Stored data entries
(* Let $X \subset \mathbb{R}^{2n}$ be a symplectically self-polar convex body with $C^1$-smooth boundary and let $Y=\{x+f(x): x\in\partial X\}$. Then for every $v\in\mathbb{R}^{2n}\setminus\{0\}$ the ray $\{tv: t\ge 0\}$ intersects $Y$ in exactly one point; thus $Y$ is the boundary of a star-shaped (not necessarily convex) body. If moreover $\partial X$ is $C^2$-smooth, then every such ray is transversal to $Y$, i.e. for every $x\in\partial X$ the vector $x+f(x)$ does not lie in the tangent space $T_{x+f(x)}Y=\{\xi+\nabla_\xi f:\ \xi\in T_x\partial X\}$.
   Context: $\mathbb{R}^{2n}\cong\mathbb{C}^n$, $J$ is multiplication by $\sqrt{-1}$, $\omega(u,v)=\langle Ju,v\rangle$. For a convex body $X$ with origin in its interior, $X^\omega=\{y: \omega(x,y)\le 1\ \forall x\in X\}$; $X$ is symplectically self-polar if $X=X^\omega$. For $C^1$ boundary, $f\colon\partial X\to\partial X^\omega$ assigns to $x$ the unique $f(x)\in X^\omega$ with $\omega(x,f(x))=1$; when $X=X^\omega$, $f$ maps $\partial X$ to itself, and for $C^2$ boundary $f$ is $C^1$ and $Y$ is a $C^1$ embedded hypersurface. *)

theory Defs
  imports "HOL-Analysis.Analysis"
begin

text \<open>R^{2n} is identified with C^n, modelled as complex ^ 'n with its real inner product.\<close>

definition cJ :: "complex ^ 'n \<Rightarrow> complex ^ 'n" where
  "cJ x = (\<chi> i. \<i> * x $ i)"

definition omega :: "complex ^ 'n \<Rightarrow> complex ^ 'n \<Rightarrow> real" where
  "omega u v = inner (cJ u) v"

definition symp_polar :: "(complex ^ 'n) set \<Rightarrow> (complex ^ 'n) set" where
  "symp_polar X = {y. \<forall>x\<in>X. omega x y \<le> 1}"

_Problem statement_. Quote only the lines from the one containing "set \<Rightarrow> (complex" through the final line of the records, with both ends included.

_Answer for the task_.
definition symp_polar :: "(complex ^ 'n) set \<Rightarrow> (complex ^ 'n) set" where
  "symp_polar X = {y. \<forall>x\<in>X. omega x y \<le> 1}"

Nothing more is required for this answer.